At time $t=3\text{,}$ the height of the drone is $h(3)=0$ and the velocity is $v(3)=0\text{.}$ This means that the downward velocity of the drone has slowed to 0 m per s upon impact. Dudley landed the drone safely, apparently!
The total displacement $\Delta h$ is given as

\begin{equation*} h(3)-h(0)=0-0=0\text{.} \end{equation*}

To compute the total distance traveled, we must separate the interval $[0,3]$ into the separate intervals where the drone ascends and descends. The basic principle here is that if movement is always in the same direction (up or down in our case) over a certain time interval, then displacement is equal to distance traveled.

Over the time interval $[0,1]$ the drone ascends from a height $h(0)=0$ meters to a height of $h(1)=4$ meters. Since the drone is always moving the same direction here, the total distance traveled over this time interval is $4$ meters.

Over the time interval $[1,3]$ the drone descends from a height of $h(1)=4$ meters, to a height of $h(0)=0$ meters. Again, since the drone is always moving in the same direction, the distance traveled over this time interval is 4 meters.

We conclude that in sum the drone has traveled a distance of $8=4+4$ meters.

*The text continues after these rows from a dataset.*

(* For $n\ge2$ and $1\le r\le n-1$ let $N(n,r)$ be the number of triples $(\alpha,\beta,\gamma)\in\mathbb{Z}_2^n\times\mathbb{Z}_2^n\times\mathbb{Z}_2^n$ with $\mathrm{adp}^{\mathrm{XR}}_r(\alpha,\beta\to\gamma)=0$. Then: (1) for $2\le r\le n-2$, $N(n,r)\le\left(\frac17+\frac{1}{2^{r+1}}\right)8^n-\frac17 8^r+\frac47(8^{r-1}-1)\left(\frac15 8^{n-r}+7\cdot4^{n-r}-\frac{124}{5}3^{n-r-2}\right)$; (2) $N(n,n-1)\le\left(\frac{9}{28}+\frac{1}{2^n}\right)8^n-\frac{88}{7}$; (3) $N(n,r)\ge\frac17 8^n-\frac17 8^r$ for every $1\le r\le n-1$; (4) $N(n,1)=\frac{5}{14}8^n-\frac67$ for every $n\ge2$.
   Context: For $x\in\mathbb{Z}_2^n$, $x=(x_0,\dots,x_{n-1})$ is identified with the integer $\sum_i x_i2^{n-1-i}$; $+$ is addition modulo $2^n$, $\oplus$ is bitwise XOR, $x\lll r=(x_r,\dots,x_{n-1},x_0,\dots,x_{r-1})$. $\mathrm{adp}^{\mathrm{XR}}_r(\alpha,\beta\to\gamma)=4^{-n}\#\{(x,y)\in(\mathbb{Z}_2^n)^2: ((x+\alpha)\oplus(y+\beta))\lll r=((x\oplus y)\lll r)+\gamma\}$. *)

theory Defs
  imports Complex_Main
begin

text \<open>Elements of Z_2^n are represented as natural numbers x < 2^n, where the bit
  vector (x_0,...,x_{n-1}) corresponds to the integer sum_i x_i 2^(n-1-i), i.e. x_0 is the
  most significant bit.\<close>

definition rotl :: "nat \<Rightarrow> nat \<Rightarrow> nat \<Rightarrow> nat" where
  "rotl n r x = (x * 2 ^ r) mod 2 ^ n + x div 2 ^ (n - r)"
(* For each $n\ge1$ there is a bijection $\psi$ from the set of plane trees with $n$ edges to $\mathfrak S_n(132)$ such that, for every such tree $T$ and $\pi=\psi(T)$: (1) the number of young leaves of $T$ equals the number of double descents of the permutation $(n+1)\pi=(n+1,\pi_1,\dots,\pi_n)$; (2) the number of old leaves of $T$ equals the number of ascending runs of the permutation $\pi(n+1)=(\pi_1,\dots,\pi_n,n+1)$.
   Context: A plane tree is a rooted tree in which the children of each vertex are linearly ordered. A leaf is a vertex with no children; the one-vertex tree has no leaves. A leaf is old if it is the leftmost child of its parent, young otherwise. $\mathfrak S_n(132)$ is the set of permutations of $\{1,\dots,n\}$ with no indices $a<b<c$ such that $\pi_a<\pi_c<\pi_b$. For a sequence $\sigma$, a double descent is an index $i$ with $\sigma_i>\sigma_{i+1}>\sigma_{i+2}$, a double ascent is an index $i$ with $\sigma_i<\sigma_{i+1}<\sigma_{i+2}$, and an ascending run is a maximal increasing sequence $\sigma_i<\sigma_{i+1}<\cdots<\sigma_{i+k}$ of consecutive entries with $k\ge1$. *)

theory Defs
  imports Main
begin

datatype ptree = Node "ptree list"

fun children :: "ptree \<Rightarrow> ptree list" where
  "children (Node ts) = ts"

fun edges :: "ptree \<Rightarrow> nat" where
  "edges (Node ts) = length ts + sum_list (map edges ts)"

text \<open>Old leaves: leaves that are the leftmost child of their parent.
  (The root is never a leaf, since leaves are children.)\<close>
fun old_leaves :: "ptree \<Rightarrow> nat" where
  "old_leaves (Node ts) =
     (case ts of [] \<Rightarrow> 0 | t # _ \<Rightarrow> (if children t = [] then 1 else 0))
     + sum_list (map old_leaves ts)"

fun young_leaves :: "ptree \<Rightarrow> nat" where
  "young_leaves (Node ts) =
     length (filter (\<lambda>t. children t = []) (drop 1 ts))
     + sum_list (map young_leaves ts)"

definition is_perm :: "nat \<Rightarrow> nat list \<Rightarrow> bool" where
  "is_perm n xs \<longleftrightarrow> length xs = n \<and> distinct xs \<and> set xs = {1..n}"

definition avoids132 :: "nat list \<Rightarrow> bool" where
  "avoids132 xs \<longleftrightarrow> \<not> (\<exists>a b c. a < b \<and> b < c \<and> c < length xs \<and>
                          xs ! a < xs ! c \<and> xs ! c < xs ! b)"

definition S132 :: "nat \<Rightarrow> nat list set" where
  "S132 n = {xs. is_perm n xs \<and> avoids132 xs}"

definition double_descents :: "nat list \<Rightarrow> nat" where
  "double_descents s = card {i. i + 2 < length s \<and> s ! i > s ! (i+1) \<and> s ! (i+1) > s ! (i+2)}"

definition asc_runs :: "nat list \<Rightarrow> nat" where
  "asc_runs s = card {(i, j). i < j \<and> j < length s \<and>
       (\<forall>k. i \<le> k \<and> k < j \<longrightarrow> s ! k < s ! (k+1)) \<and>
       (i = 0 \<or> \<not> s ! (i - 1) < s ! i) \<and>
       (j + 1 = length s \<or> \<not> s ! j < s ! (j+1))}"

end

theory Submission
  imports Defs
begin

(*
  Cutting off the last subtree t of the root splits a plane tree T with n edges into t and the
  remaining tree T'.  T is sent to max_join (perm_of_tree t) (perm_of_tree T'): the word of t,
  shifted above the word of T', with the maximum n in between.  In a 132-avoider every entry
  left of n exceeds every entry right of n, so each one splits uniquely in this way, which makes
  perm_of_tree a bijection.
  The new last child t is a young leaf iff t is a single vertex and T' is not; with the sentinel
  n + 1 in front, this is exactly when n + 1 > n > (first entry of the word of T') is a new
  double descent.  It is an old leaf iff both are single vertices, exactly when n < n + 1 is a
  new ascending run.  Otherwise n + 1 and n act as the sentinels of the two parts, so both
  statistics are additive.
*)

definition max_join :: "nat list \<Rightarrow> nat list \<Rightarrow> nat list" where
  "max_join \<sigma> \<pi> = map (\<lambda>x. x + length \<pi>) \<sigma> @ (length \<sigma> + length \<pi> + 1) # \<pi>"

fun perm_of_tree :: "ptree \<Rightarrow> nat list" where
  "perm_of_tree (Node ts) = foldl (\<lambda>\<pi> t. max_join (perm_of_tree t) \<pi>) [] ts"

lemma ptree_snoc_induct [case_names Leaf snoc]:
  assumes "P (Node [])"
    and "\<And>ts t. P (Node ts) \<Longrightarrow> P t \<Longrightarrow> P (Node (ts @ [t]))"
  shows "P T"
proof (induction T)
  case (Node ts)
  then show ?case
    by (induction ts rule: rev_induct) (auto intro: assms)
qed

lemma length_max_join [simp]: "length (max_join \<sigma> \<pi>) = length \<sigma> + length \<pi> + 1"
  by (simp add: max_join_def)

lemma perm_of_tree_Leaf [simp]: "perm_of_tree (Node []) = []"
  by simp

lemma perm_of_tree_snoc [simp]:
  "perm_of_tree (Node (ts @ [t])) = max_join (perm_of_tree t) (perm_of_tree (Node ts))"
  by simp

declare perm_of_tree.simps [simp del]

lemma length_perm_of_tree [simp]: "length (perm_of_tree T) = edges T"
  by (induction T rule: ptree_snoc_induct) simp_all

lemma perm_of_tree_eq_Nil_iff: "perm_of_tree T = [] \<longleftrightarrow> children T = []"
  by (cases T) (auto simp flip: length_0_conv)

section \<open>132-avoiding permutations\<close>

lemma is_perm_if_subset:
  assumes "distinct xs" "set xs \<subseteq> {1..length xs}"
  shows "is_perm (length xs) xs"
  using assms card_subset_eq[of "{1..length xs}" "set xs"]
  by (simp add: is_perm_def distinct_card)

lemma is_perm_max_join:
  assumes "is_perm a \<sigma>" "is_perm b \<pi>"
  shows "is_perm (a + b + 1) (max_join \<sigma> \<pi>)"
proof -
  have \<sigma>: "distinct \<sigma>" "set \<sigma> = {1..a}" "length \<sigma> = a"
    and \<pi>: "distinct \<pi>" "set \<pi> = {1..b}" "length \<pi> = b"
    using assms by (simp_all add: is_perm_def)
  have "distinct (map (\<lambda>x. x + b) \<sigma>)"
    using \<sigma>(1) by (simp add: distinct_map)
  moreover have "set (map (\<lambda>x. x + b) \<sigma>) \<subseteq> {b + 1..a + b}"
    using \<sigma>(2) by auto
  ultimately have "distinct (max_join \<sigma> \<pi>)" "set (max_join \<sigma> \<pi>) \<subseteq> {1..a + b + 1}"
    using \<sigma>(3) \<pi> by (auto simp: max_join_def)
  then show ?thesis
    using is_perm_if_subset[of "max_join \<sigma> \<pi>"] \<sigma>(3) \<pi>(3) by simp
qed

lemma avoids132_shift [simp]: "avoids132 (map (\<lambda>x. x + c) xs) \<longleftrightarrow> avoids132 xs"
proof -
  let ?ys = "map (\<lambda>x. x + c) xs"
  have "?ys ! i < ?ys ! k \<and> ?ys ! k < ?ys ! j \<longleftrightarrow> xs ! i < xs ! k \<and> xs ! k < xs ! j"
    if "i < j" "j < k" "k < length xs" for i j k
    using that by simp
  then show ?thesis
    unfolding avoids132_def by (metis length_map)
qed

lemma avoids132_appendD1:
  assumes "avoids132 (xs @ ys)"
  shows "avoids132 xs"
  unfolding avoids132_def
proof clarify
  fix i j k
  assume "i < j" "j < k" "k < length xs" "xs ! i < xs ! k" "xs ! k < xs ! j"
  then have "i < j \<and> j < k \<and> k < length (xs @ ys) \<and>
    (xs @ ys) ! i < (xs @ ys) ! k \<and> (xs @ ys) ! k < (xs @ ys) ! j"
    by (simp add: nth_append)
  then show False
    using assms unfolding avoids132_def by blast
qed

lemma avoids132_appendD2:
  assumes "avoids132 (xs @ ys)"
  shows "avoids132 ys"
  unfolding avoids132_def
proof clarify
  fix i j k
  assume "i < j" "j < k" "k < length ys" "ys ! i < ys ! k" "ys ! k < ys ! j"
  then have "length xs + i < length xs + j \<and> length xs + j < length xs + k \<and>
    length xs + k < length (xs @ ys) \<and>
    (xs @ ys) ! (length xs + i) < (xs @ ys) ! (length xs + k) \<and>
    (xs @ ys) ! (length xs + k) < (xs @ ys) ! (length xs + j)"
    by simp
  then show False
    using assms unfolding avoids132_def by blast
qed

lemma avoids132_append_Cons_le:
  assumes "avoids132 (A @ m # B)" "x \<in> set A" "y \<in> set B" "y < m"
  shows "y \<le> x"
proof (rule ccontr)
  assume "\<not> y \<le> x"
  obtain i where i: "i < length A" "A ! i = x"
    using assms(2) by (auto simp: in_set_conv_nth)
  obtain j where j: "j < length B" "B ! j = y"
    using assms(3) by (auto simp: in_set_conv_nth)
  let ?s = "A @ m # B" and ?k = "length A + 1 + j"
  have "?s ! i = x" "?s ! length A = m" "?s ! ?k = y"
    using i j by (simp_all add: nth_append)
  then have "i < length A \<and> length A < ?k \<and> ?k < length ?s \<and>
    ?s ! i < ?s ! ?k \<and> ?s ! ?k < ?s ! length A"
    using i j assms(4) \<open>\<not> y \<le> x\<close> by simp
  then show False
    using assms(1) unfolding avoids132_def by blast
qed

lemma avoids132_append:
  assumes "avoids132 xs" "avoids132 ys" "\<forall>x\<in>set xs. \<forall>y\<in>set ys. y < x"
  shows "avoids132 (xs @ ys)"
  unfolding avoids132_def
proof clarify
  fix i j k
  assume ijk: "i < j" "j < k" "k < length (xs @ ys)"
    and pattern: "(xs @ ys) ! i < (xs @ ys) ! k" "(xs @ ys) ! k < (xs @ ys) ! j"
  consider "k < length xs" | "length xs \<le> i" | "i < length xs" "length xs \<le> k"
    by linarith
  then show False
  proof cases
    case 1
    then have "xs ! i < xs ! k" "xs ! k < xs ! j"
      using ijk pattern by (simp_all add: nth_append)
    then show False
      using 1 ijk assms(1) unfolding avoids132_def by blast
  next
    case 2
    then have "ys ! (i - length xs) < ys ! (k - length xs)"
      "ys ! (k - length xs) < ys ! (j - length xs)"
      using ijk pattern by (simp_all add: nth_append)
    moreover have "i - length xs < j - length xs" "j - length xs < k - length xs"
      "k - length xs < length ys"
      using 2 ijk by auto
    ultimately show False
      using assms(2) unfolding avoids132_def by blast
  next
    case 3
    then have "xs ! i \<in> set xs" "ys ! (k - length xs) \<in> set ys"
      using ijk by auto
    then have "(xs @ ys) ! k < (xs @ ys) ! i"
      using 3 assms(3) by (simp add: nth_append)
    then show False
      using pattern by simp
  qed
qed

lemma avoids132_snoc_greater:
  assumes "avoids132 xs" "\<forall>x\<in>set xs. x < m"
  shows "avoids132 (xs @ [m])"
  unfolding avoids132_def
proof clarify
  fix i j k
  assume ijk: "i < j" "j < k" "k < length (xs @ [m])"
    and pattern: "(xs @ [m]) ! i < (xs @ [m]) ! k" "(xs @ [m]) ! k < (xs @ [m]) ! j"
  show False
  proof (cases "k < length xs")
    case True
    then show False
      using ijk pattern assms(1) unfolding avoids132_def by (auto simp: nth_append)
  next
    case False
    then have "k = length xs" "j < length xs"
      using ijk by auto
    then show False
      using pattern assms(2) nth_mem by (fastforce simp: nth_append)
  qed
qed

Subsection Rates of change in economics

Derivative play a crucial role in economics, where this notion is often described in that field’s particular jargon as some variety of marginal.

Definition 13.5. Marginal cost, revenue, profit.

Suppose the cost $C$ (in dollars) of making a product is modeled as a function $C=f(q)$ of the total quantity of the good produced. The marginal cost function is defined as $f'=\frac{dC}{dq}\text{.}$ Thus $f'(q_0)$ computes the marginal cost (in dollars per unit producion) at a current level of production $q=q_0\text{:}$ this is the rate of change of cost with respect to quantity produced at the given production level $q=q_0\text{.}$

We get notions of marginal revenue and marginal profit by replacing the cost function above with a revenue or profit function.

Example 13.6. Marginals.

Suppose the cost $C$ (in dollars) for a farmer to produce $q$ barrels of milk on a given day is given by

\begin{equation*} C=C(b)=100+10b-\frac{b^2}{100}+\frac{b^3}{250}\text{.} \end{equation*}

Suppose further that farmer can charge a price $p=p(b)$ of

\begin{equation*} p(b)=\frac{20000}{100+b} \text{ dollar per barrel} \end{equation*}

when producing $b$ barrels of milk.

Determine the marginal cost of producing 100 barrels of milk, and give an easy to understand interpretation of what this means.
Determine the marginal profit of producing 100 barrels of milk.
Estimate the change in profit that would result in going from 100 barrels a day to 103 barrels of day.

Solution.

By definition, marginal cost (with respect to barrels $b$ produced) is given as

\begin{equation*} \frac{dC}{db}=C'(b)=10-\frac{b}{50}+\frac{3b^2}{250} \text{ dollars per barrel}\text{.} \end{equation*}

In particular, we have

\begin{equation*} \frac{dC}{db}\Bigr\vert_{b=100}=f'(100)=10-2+\frac{30000}{250}=128 \text{ dollars per barrel}\text{.} \end{equation*}

This tells us that as the farmer steps milk production from $100$ barrels, the cost increases at a rate of 128 dollars per barrel.
Let $R=R(b)$ be the revenue earned when producing $b$ barrels of milk, under that assumption that all barrels will be purchased. We have

\begin{equation*} R(b)=\underset{\text{amt. sold}}{b}\cdot \underset{\text{price}}{p(b)}=\frac{20000b}{100+b}\text{.} \end{equation*}

Lastly, since profit is $P=P(b)$ is defined as revenue minus cost, we have

\begin{equation*} P(b)=R(b)-C(b) \end{equation*}

and thus marginal profit is

\begin{align*} \frac{dP}{db} \amp = R'(b)-C'(b)\\ \amp = \frac{(20000b)'(100+b)-20000b(100+b)'}{(100+b)^2}-(10-\frac{q}{50}+\frac{3q^2}{250}) \amp (\text{quot. rule}, C'(b))\\ \amp = \frac{2000000}{(100+b)^2}-(10-\frac{q}{50}+\frac{3q^2}{250})\text{.} \end{align*}

The marginal profit at a production level of 100 barrels is thus

\begin{align*} P'(100) \amp = \frac{2\times 10^6}{4\times 10^4}-C'(100)\\ \amp = 50-128\\ \amp = -78 \text{ dollars per barrel}\text{.} \end{align*}

This tells us that increasing the production from 100 barrels results in the farmer’s profit decreasing at a rate of 78 dollars per barrel. What’s going on here is that although revenue will increase by increasing production, the rate at which it increases is less than the rate at which cost increases.
Assuming that the rate of change of profit is constant, equal to $-78$ dollars per barrel, for production levels near 100 barrels, as we increase our production from 100 barrels, the profit decreases at a constant rate of 78 dollars per barrel. Thus we estimate that profit would decrease by

\begin{equation*} 3\cdot 78=234 \end{equation*}

dollars if we increase production from 100 to 103 barrels.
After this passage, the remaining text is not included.